How to avoid overflow in expr. A * B - C * D
This should work ( I think ):
signed long long int a = 0x7ffffffffffffffd;
signed long long int b = 0x7ffffffffffffffd;
signed long long int c = 0x7ffffffffffffffc;
signed long long int d = 0x7ffffffffffffffe;
signed long long int bd = b / d;
signed long long int bdmod = b % d;
signed long long int ca = c / a;
signed long long int camod = c % a;
signed long long int x = (bd - ca) * a * d - (camod * d - bdmod * a);
Here's my derivation:
x = a * b - c * d
x / (a * d) = (a * b - c * d) / (a * d)
x / (a * d) = b / d - c / a
now, the integer/mod stuff:
x / (a * d) = (b / d + ( b % d ) / d) - (c / a + ( c % a ) / a )
x / (a * d) = (b / d - c / a) - ( ( c % a ) / a - ( b % d ) / d)

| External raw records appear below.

lemma part_entropy_pair_le:
  assumes u: "simple_function M u" and v: "simple_function M v"
  shows "part_entropy M (\<lambda>x. (u x, v x)) \<le> part_entropy M u + part_entropy M v"
proof -
  interpret information_space M "exp 1" by standard simp
  have "part_entropy M (\<lambda>x. (u x, v x))
      = entropy (exp 1) (count_space ((\<lambda>x. (u x, v x)) ` space M)) (\<lambda>x. (u x, v x))"
    using u v by (intro part_entropy_eq_entropy) auto
  also have "\<dots> = entropy (exp 1) (count_space (u ` space M)) u +
      conditional_entropy (exp 1) (count_space (v ` space M)) (count_space (u ` space M)) v u"
    by (rule entropy_chain_rule[OF u v])
  also have "\<dots> \<le> entropy (exp 1) (count_space (u ` space M)) u + entropy (exp 1) (count_space (v ` space M)) v"
    using conditional_entropy_less_eq_entropy[OF v u] by simp
  finally show ?thesis using u v by (simp add: part_entropy_eq_entropy)
qed

lemma part_entropy_le_ln_card:
  assumes u: "simple_function M u"
  shows "part_entropy M u \<le> ln (card (u ` space M))"
proof -
  interpret information_space M "exp 1" by standard simp
  have "entropy (exp 1) (count_space (u ` space M)) u \<le> log (exp 1) (card (u ` space M))"
    by (rule entropy_le_card[OF simple_distributedI[OF u measure_nonneg refl]])
  then show ?thesis using u by (simp add: part_entropy_eq_entropy log_def)
qed

lemma part_entropy_map_upt_le:
  assumes "\<And>i. i < n \<Longrightarrow> simple_function M (u i)"
  shows "part_entropy M (\<lambda>x. map (\<lambda>i. u i x) [0..<n]) \<le> (\<Sum>i<n. part_entropy M (u i))"
  using assms
proof (induction n)
  case 0
  have img: "(\<lambda>x. []) ` space M = {[]}" using not_empty by auto
  show ?case by (simp add: img part_entropy_def prob_space)
next
  case (Suc n)
  have s1: "simple_function M (\<lambda>x. map (\<lambda>i. u i x) [0..<n])"
    by (rule simple_function_map_upt) (use Suc in auto)
  have s2: "simple_function M (u n)" using Suc by auto
  have "part_entropy M (\<lambda>x. map (\<lambda>i. u i x) [0..<Suc n])
      \<le> part_entropy M (\<lambda>x. (map (\<lambda>i. u i x) [0..<n], u n x))"
    by (rule part_entropy_comp_le[where \<psi> = "\<lambda>(a, b). a @ [b]"]) (use s1 s2 in auto)
  also have "\<dots> \<le> part_entropy M (\<lambda>x. map (\<lambda>i. u i x) [0..<n]) + part_entropy M (u n)"
    by (rule part_entropy_pair_le[OF s1 s2])
  also have "\<dots> \<le> (\<Sum>i<n. part_entropy M (u i)) + part_entropy M (u n)"
    using Suc by auto
  finally show ?case by simp
qed

end

lemma neg_mult_ln_nonneg:
  fixes p :: real assumes "0 \<le> p" "p \<le> 1" shows "0 \<le> - (p * ln p)"
  using assms by (cases "p = 0") (simp_all add: mult_nonneg_nonpos)

lemma neg_mult_ln_le_one:
  fixes p :: real assumes "0 \<le> p" shows "- (p * ln p) \<le> 1"
proof (cases "p = 0")
  case False
  then have p: "p > 0" using assms by simp
  have "ln (1/p) \<le> 1/p - 1" using p by (intro ln_le_minus_one) simp
  then have "p * ln (1/p) \<le> p * (1/p - 1)" using p by (intro mult_left_mono) auto
  also have "\<dots> \<le> 1" using p by (simp add: field_simps)
  finally show ?thesis using p by (simp add: ln_div)
qed simp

x = (b / d - c / a) * a * d - ( ( c % a ) * d - ( b % d ) * a)
Note that this is not standard since it relies on wrap-around signed-overflow. (GCC has compiler flags which enable this.)

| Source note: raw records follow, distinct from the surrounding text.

(* Let $T>0$, $V>0$, $\alpha_1,\alpha_2\ge0$ with $\alpha_1+\alpha_2=1$. Consider problem (P6): maximize $r$ over $r$, trajectories $x:[0,T]\to\mathbb{R}$ with $|\dot x(t)|\le V$, and scheduling functions $\pi_1,\pi_2:[0,T]\to\{0,1\}$ with $\pi_1(t)+\pi_2(t)\le1$ for all $t$, subject to $\frac1T\int_0^T\pi_k(t)\log_2(1+\bar Ph_k(x(t)))\,dt\ge\alpha_kr$ for $k=1,2$. Then the optimal UAV trajectory of (P6) is a hover-fly-hover trajectory, i.e. of the form $x(t)=x_{\rm I}$ for $t\in[0,t_{\rm I}]$, $x(t)=x_{\rm I}+(t-t_{\rm I})V$ for $t\in(t_{\rm I},T-t_{\rm F})$, $x(t)=x_{\rm F}$ for $t\in[T-t_{\rm F},T]$, with $-D/2\le x_{\rm I}\le x_{\rm F}\le D/2$, $t_{\rm I},t_{\rm F}\ge0$, $t_{\rm I}+(x_{\rm F}-x_{\rm I})/V+t_{\rm F}=T$. Furthermore: (1) if $-D/2<x_{\rm I}\le x_{\rm F}<D/2$, then $t_{\rm I}=t_{\rm F}=0$ and $VT=x_{\rm F}-x_{\rm I}$; (2) if $-D/2=x_{\rm I}\le x_{\rm F}<D/2$, then $t_{\rm I}=T-\frac{x_{\rm F}-x_{\rm I}}{V}$ and $t_{\rm F}=0$; (3) if $-D/2<x_{\rm I}\le x_{\rm F}=D/2$, then $t_{\rm I}=0$ and $t_{\rm F}=T-\frac{x_{\rm F}-x_{\rm I}}{V}$; (4) if $-D/2=x_{\rm I}<x_{\rm F}=D/2$, then $t_{\rm I}+t_{\rm F}+\frac DV=T$.
   Context: Fix $D>0$, $H>0$, $\beta_0>0$, $\bar P>0$. Ground users GU 1, GU 2 are at horizontal positions $x_1=-D/2$, $x_2=D/2$; for UAV horizontal position $x$ (altitude $H$), $h_k(x)=\beta_0/((x-x_k)^2+H^2)$. In (P6) the UAV uses TDMA: $\pi_k(t)=1$ means GU $k$ is served at time $t$ with the full power $\bar P$. *)

theory Defs
  imports "HOL-Analysis.Analysis"
begin

definition gu_pos :: "real \<Rightarrow> nat \<Rightarrow> real" where
  "gu_pos D k = (if k = 1 then - D / 2 else D / 2)"

definition chan_gain :: "real \<Rightarrow> real \<Rightarrow> real \<Rightarrow> nat \<Rightarrow> real \<Rightarrow> real" where
  "chan_gain D H beta0 k x = beta0 / ((x - gu_pos D k)^2 + H^2)"

definition avg_rate :: "real \<Rightarrow> real \<Rightarrow> real \<Rightarrow> real \<Rightarrow> real \<Rightarrow> nat \<Rightarrow>
    (real \<Rightarrow> real) \<Rightarrow> (real \<Rightarrow> real) \<Rightarrow> real" where
  "avg_rate D H beta0 P T k x sch =
     (1 / T) * integral {0..T} (\<lambda>t. sch t * log 2 (1 + P * chan_gain D H beta0 k (x t)))"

But if you just do all the calculations in long long
, the result of applying the formula directly:(A * B - C * D)
will be accurate as long as the correct result fits into a long long
.
Here's a work-around that only relies on implementation-defined behavior of casting unsigned integer to signed integer. But this can be expected to work on almost every system today.
(long long)((unsigned long long)A * B - (unsigned long long)C * D)

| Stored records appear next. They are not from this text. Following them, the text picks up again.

(* Let $G$ be a graph on $n$ vertices and let $\mathcal{C}$ be a clique geometry in $G$ such that every vertex belongs to at least $r\ge 2$ and at most $R$ members of $\mathcal{C}$, and every member of $\mathcal{C}$ has order at least $\ell$. Then \[ \ell \le \frac{R}{\sqrt{r(r-1)}}\sqrt{n}. \]
   Context: The order of a clique is its number of vertices. A collection $\mathcal{C}$ of cliques of a graph is a clique geometry if (i) every clique in $\mathcal{C}$ is a maximal clique and (ii) every pair of adjacent vertices belongs to exactly one member of $\mathcal{C}$. *)

theory Defs
  imports Complex_Main
begin

definition simple_graph :: "'a set \<Rightarrow> ('a \<Rightarrow> 'a \<Rightarrow> bool) \<Rightarrow> bool" where
  "simple_graph V E \<longleftrightarrow> finite V \<and> (\<forall>x y. E x y \<longrightarrow> x \<in> V \<and> y \<in> V)
     \<and> (\<forall>x y. E x y \<longrightarrow> E y x) \<and> (\<forall>x. \<not> E x x)"

definition is_clique :: "'a set \<Rightarrow> ('a \<Rightarrow> 'a \<Rightarrow> bool) \<Rightarrow> 'a set \<Rightarrow> bool" where
  "is_clique V E K \<longleftrightarrow> K \<subseteq> V \<and> (\<forall>x\<in>K. \<forall>y\<in>K. x \<noteq> y \<longrightarrow> E x y)"

definition maximal_clique :: "'a set \<Rightarrow> ('a \<Rightarrow> 'a \<Rightarrow> bool) \<Rightarrow> 'a set \<Rightarrow> bool" where
  "maximal_clique V E K \<longleftrightarrow> is_clique V E K \<and>
     (\<forall>K'. is_clique V E K' \<and> K \<subseteq> K' \<longrightarrow> K' = K)"

definition clique_geometry :: "'a set \<Rightarrow> ('a \<Rightarrow> 'a \<Rightarrow> bool) \<Rightarrow> 'a set set \<Rightarrow> bool" where
  "clique_geometry V E \<C> \<longleftrightarrow> (\<forall>K\<in>\<C>. maximal_clique V E K) \<and>
     (\<forall>x y. E x y \<longrightarrow> (\<exists>!K. K \<in> \<C> \<and> x \<in> K \<and> y \<in> K))"

end

theory Submission
  imports Defs
begin

text \<open>Fix a member K of the geometry and double count the edges between K and the rest of
  the graph. A vertex x of K lies on at least r - 1 further members, which pairwise meet only
  in x and meet K only in x; so x has at least (r - 1)(l - 1) neighbours outside K. A vertex y
  outside K has at most R neighbours in K, because distinct neighbours x, x' in K give distinct
  members through y (a common one would contain the edge x x' and thus be K). Hence
  l (r - 1)(l - 1) \<le> |K| (r - 1)(l - 1) \<le> R (n - |K|) \<le> R (n - l), and since R \<ge> r this
  rearranges to l^2 r (r - 1) \<le> R^2 n.\<close>

lemma clique_geometry_member_is_clique:
  "clique_geometry V E \<C> \<Longrightarrow> K \<in> \<C> \<Longrightarrow> is_clique V E K"
  unfolding clique_geometry_def maximal_clique_def by blast

lemma clique_geometry_member_subset:
  "clique_geometry V E \<C> \<Longrightarrow> K \<in> \<C> \<Longrightarrow> K \<subseteq> V"
  using clique_geometry_member_is_clique is_clique_def by metis

lemma clique_geometry_adjacent:
  "clique_geometry V E \<C> \<Longrightarrow> K \<in> \<C> \<Longrightarrow> x \<in> K \<Longrightarrow> y \<in> K \<Longrightarrow> x \<noteq> y \<Longrightarrow> E x y"
  using clique_geometry_member_is_clique is_clique_def by metis

lemma clique_geometry_finite:
  assumes "simple_graph V E" "clique_geometry V E \<C>"
  shows "finite \<C>"
proof (rule finite_subset)
  show "\<C> \<subseteq> Pow V" using clique_geometry_member_subset[OF assms(2)] by blast
  show "finite (Pow V)" using assms(1) simple_graph_def by auto
qed

lemma clique_geometry_unique:
  assumes "clique_geometry V E \<C>" "E x y"
    and "K \<in> \<C>" "x \<in> K" "y \<in> K" "K' \<in> \<C>" "x \<in> K'" "y \<in> K'"
  shows "K = K'"
  using assms unfolding clique_geometry_def by blast

lemma clique_geometry_Int_eq:
  assumes "clique_geometry V E \<C>" "K \<in> \<C>" "K' \<in> \<C>" "K \<noteq> K'" "x \<in> K" "x \<in> K'"
  shows "K \<inter> K' = {x}"
proof (rule ccontr)
  assume "K \<inter> K' \<noteq> {x}"
  then obtain y where "y \<in> K" "y \<in> K'" "y \<noteq> x" using assms(5,6) by blast
  then have "E x y" using clique_geometry_adjacent[OF assms(1,2,5)] by metis
  then show False
    using clique_geometry_unique[OF assms(1)] assms \<open>y \<in> K\<close> \<open>y \<in> K'\<close> by metis
qed

lemma clique_geometry_neighbours_outside_member:
  assumes "simple_graph V E" "clique_geometry V E \<C>" "K \<in> \<C>" "x \<in> K"
  shows "(\<Sum>K'\<in>{K' \<in> \<C>. x \<in> K'} - {K}. card K' - 1) \<le> card {y \<in> V - K. E x y}"
proof -
  let ?others = "{K' \<in> \<C>. x \<in> K'} - {K}"
  have finV: "finite V" using assms(1) simple_graph_def by auto
  have finite_members: "finite K'" if "K' \<in> \<C>" for K'
    using finite_subset[OF clique_geometry_member_subset[OF assms(2) that] finV] .
  have disjoint: "(A - {x}) \<inter> (B - {x}) = {}" if "A \<in> ?others" "B \<in> ?others" "A \<noteq> B" for A B
    using clique_geometry_Int_eq[OF assms(2)] that by blast
  have "(\<Sum>K'\<in>?others. card K' - 1) = (\<Sum>K'\<in>?others. card (K' - {x}))"
    by (intro sum.cong) (auto simp: card_Diff_singleton)
  also have "\<dots> = card (\<Union>K'\<in>?others. K' - {x})"
    using clique_geometry_finite[OF assms(1,2)] finite_members disjoint
    by (subst card_UN_disjoint) auto
  also have "\<dots> \<le> card {y \<in> V - K. E x y}"
  proof (rule card_mono)
    show "finite {y \<in> V - K. E x y}" using finV by simp
    show "(\<Union>K'\<in>?others. K' - {x}) \<subseteq> {y \<in> V - K. E x y}"
      using clique_geometry_member_subset[OF assms(2)] clique_geometry_adjacent[OF assms(2)]
        clique_geometry_Int_eq[OF assms(2,3)] assms(4) by blast
  qed
  finally show ?thesis .
qed

lemma clique_geometry_neighbours_in_member:
  assumes "simple_graph V E" "clique_geometry V E \<C>" "K \<in> \<C>" "y \<notin> K"
  shows "card {x \<in> K. E x y} \<le> card {K' \<in> \<C>. y \<in> K'}"
proof -
  define through_y where "through_y x = (THE K'. K' \<in> \<C> \<and> x \<in> K' \<and> y \<in> K')" for x
  have through_y: "through_y x \<in> {K' \<in> \<C>. y \<in> K'} \<and> x \<in> through_y x"
    if "x \<in> {x \<in> K. E x y}" for x
    using theI'[of "\<lambda>K'. K' \<in> \<C> \<and> x \<in> K' \<and> y \<in> K'"] assms(2) that
    unfolding through_y_def clique_geometry_def by auto
  have "inj_on through_y {x \<in> K. E x y}"
  proof (rule inj_onI, rule ccontr)
    fix a b assume a: "a \<in> {x \<in> K. E x y}" and b: "b \<in> {x \<in> K. E x y}"
      and "through_y a = through_y b" "a \<noteq> b"
    then have "K \<inter> through_y a \<supseteq> {a, b}" using through_y by auto
    then show False
      using clique_geometry_Int_eq[OF assms(2,3)] through_y[OF a] assms(4) \<open>a \<noteq> b\<close> by blast
  qed
  then have "card {x \<in> K. E x y} = card (through_y ` {x \<in> K. E x y})"
    by (simp add: card_image)
  also have "\<dots> \<le> card {K' \<in> \<C>. y \<in> K'}"
    using through_y clique_geometry_finite[OF assms(1,2)] by (intro card_mono) auto
  finally show ?thesis .
qed

lemma clique_geometry_edges_leaving_member:
  assumes "simple_graph V E" "clique_geometry V E \<C>" "K \<in> \<C>"
    and "\<forall>v\<in>V. r \<le> card {K \<in> \<C>. v \<in> K} \<and> card {K \<in> \<C>. v \<in> K} \<le> R"
    and "\<forall>K\<in>\<C>. l \<le> card K"
  shows "card K * ((r - 1) * (l - 1)) \<le> R * (card V - card K)"
proof -
  have finV: "finite V" using assms(1) simple_graph_def by auto
  have K_sub: "K \<subseteq> V" using clique_geometry_member_subset[OF assms(2,3)] .
  have finK: "finite K" using finite_subset[OF K_sub finV] .
  have lower: "(r - 1) * (l - 1) \<le> card {y \<in> V - K. E x y}" if "x \<in> K" for x
  proof -
    let ?others = "{K' \<in> \<C>. x \<in> K'} - {K}"
    have "r - 1 \<le> card ?others"
      using assms(3,4) that K_sub clique_geometry_finite[OF assms(1,2)]
      by (subst card_Diff_singleton) (auto intro: diff_le_mono)
    then have "(r - 1) * (l - 1) \<le> (\<Sum>K'\<in>?others. l - 1)"
      by simp
    also have "\<dots> \<le> (\<Sum>K'\<in>?others. card K' - 1)"
      using assms(5) by (intro sum_mono) (simp add: diff_le_mono)
    also have "\<dots> \<le> card {y \<in> V - K. E x y}"
      using clique_geometry_neighbours_outside_member[OF assms(1-3) that] .
    finally show ?thesis .
  qed
  have upper: "card {x \<in> K. E x y} \<le> R" if "y \<in> V - K" for y
    using clique_geometry_neighbours_in_member[OF assms(1-3)] assms(4) that
    by (meson DiffD1 DiffD2 order_trans)
  have "card K * ((r - 1) * (l - 1)) \<le> (\<Sum>x\<in>K. card {y \<in> V - K. E x y})"
    using sum_mono[OF lower] by simp
  also have "\<dots> = (\<Sum>y\<in>V - K. card {x \<in> K. E x y})"
    using finK finV by (intro sum_multicount_gen) auto
  also have "\<dots> \<le> (\<Sum>y\<in>V - K. R)"
    using upper by (rule sum_mono)
  also have "\<dots> = R * (card V - card K)"
    using finK K_sub by (simp add: card_Diff_subset)
  finally show ?thesis .
qed

lemma clique_geometry_order_edge_count:
  assumes "simple_graph V E" "clique_geometry V E \<C>" "K \<in> \<C>"
    and "\<forall>v\<in>V. r \<le> card {K \<in> \<C>. v \<in> K} \<and> card {K \<in> \<C>. v \<in> K} \<le> R"
    and "\<forall>K\<in>\<C>. l \<le> card K"
  shows "l * ((r - 1) * (l - 1)) \<le> R * (card V - l)"
proof -
  have "l \<le> card K" using assms(3,5) by blast
  then have "l * ((r - 1) * (l - 1)) \<le> card K * ((r - 1) * (l - 1))"
    by simp
  also have "\<dots> \<le> R * (card V - card K)"
    using clique_geometry_edges_leaving_member[OF assms] .
  also have "\<dots> \<le> R * (card V - l)"
    using \<open>l \<le> card K\<close> by (intro mult_le_mono2 diff_le_mono2)
  finally show ?thesis .
qed

lemma order_bound_from_edge_count:
  fixes l r R n :: nat
  assumes "r \<ge> 2" "R \<ge> r" "l \<le> n"
    and edge_count: "l * ((r - 1) * (l - 1)) \<le> R * (n - l)"
  shows "real l \<le> real R / sqrt (real r * (real r - 1)) * sqrt (real n)"
proof -
  have rr: "real r * (real r - 1) > 0" using assms by simp
  have "real l * (real r - 1) * (real l - 1) \<le> real R * (real n - real l)"
  proof (cases "l = 0")
    case False
    have "real (l * ((r - 1) * (l - 1))) \<le> real (R * (n - l))"
      using edge_count by (simp only: of_nat_le_iff)
    then show ?thesis
      using False assms(1,3) by (simp add: of_nat_diff mult.assoc)
  qed simp
  then have "real R * (real l * (real r - 1) * (real l - 1)) \<le> real R * (real R * (real n - real l))"
    by (rule mult_left_mono) simp
  then have "real R * real l * real l * (real r - 1) + real R * real l * (real R - real r + 1)
      \<le> real R * real R * real n"
    by (simp add: algebra_simps)
  moreover have "real r * real l * real l * (real r - 1) \<le> real R * real l * real l * (real r - 1)"
    using assms by (intro mult_right_mono) auto
  moreover have "real R * real l * (real R - real r + 1) \<ge> 0" using assms by simp
  ultimately have "real l * real l * (real r * (real r - 1)) \<le> real R * real R * real n"
    by (simp add: algebra_simps)
  moreover have "(real l * sqrt (real r * (real r - 1)))\<^sup>2 = real l * real l * (real r * (real r - 1))"
    using rr by (simp add: power_mult_distrib power2_eq_square)
  moreover have "(real R * sqrt (real n))\<^sup>2 = real R * real R * real n"
    by (simp add: power_mult_distrib power2_eq_square)
  ultimately have "(real l * sqrt (real r * (real r - 1)))\<^sup>2 \<le> (real R * sqrt (real n))\<^sup>2"
    by simp
  then have "real l * sqrt (real r * (real r - 1)) \<le> real R * sqrt (real n)"
    by (rule power2_le_imp_le) simp
  then show ?thesis using rr by (simp add: field_simps)
qed

theorem lemma10:
  fixes V :: "'a set" and E :: "'a \<Rightarrow> 'a \<Rightarrow> bool" and \<C> :: "'a set set"
    and n r R l :: nat
  assumes "simple_graph V E"
    and "V \<noteq> {}"
    and "card V = n"
    and "clique_geometry V E \<C>"
    and "r \<ge> 2"
    and "\<forall>v\<in>V. r \<le> card {K \<in> \<C>. v \<in> K} \<and> card {K \<in> \<C>. v \<in> K} \<le> R"
    and "\<forall>K\<in>\<C>. l \<le> card K"
  shows "real l \<le> real R / sqrt (real r * (real r - 1)) * sqrt (real n)"
proof -
  obtain v where "v \<in> V" using assms(2) by blast
  then have "card {K \<in> \<C>. v \<in> K} > 0" "r \<le> R" using assms(5,6) by fastforce+
  then obtain K where K: "K \<in> \<C>" by (auto simp: card_gt_0_iff)
  have "l \<le> n"
    using assms(1,3,7) K clique_geometry_member_subset[OF assms(4) K]
    by (fastforce simp: simple_graph_def intro: le_trans card_mono)
  moreover have "l * ((r - 1) * (l - 1)) \<le> R * (n - l)"
    using clique_geometry_order_edge_count[OF assms(1,4) K assms(6,7)] assms(3) by simp
  ultimately show ?thesis
    using order_bound_from_edge_count assms(5) \<open>r \<le> R\<close> by blast
qed

end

This casts the inputs to unsigned long long
where the overflow behavior is guaranteed to be wrap-around by the standard. Casting back to a signed integer at the end is the implementation-defined part, but will work on nearly all environments today.
If you need more pedantic solution, I think you have to use "long arithmetic"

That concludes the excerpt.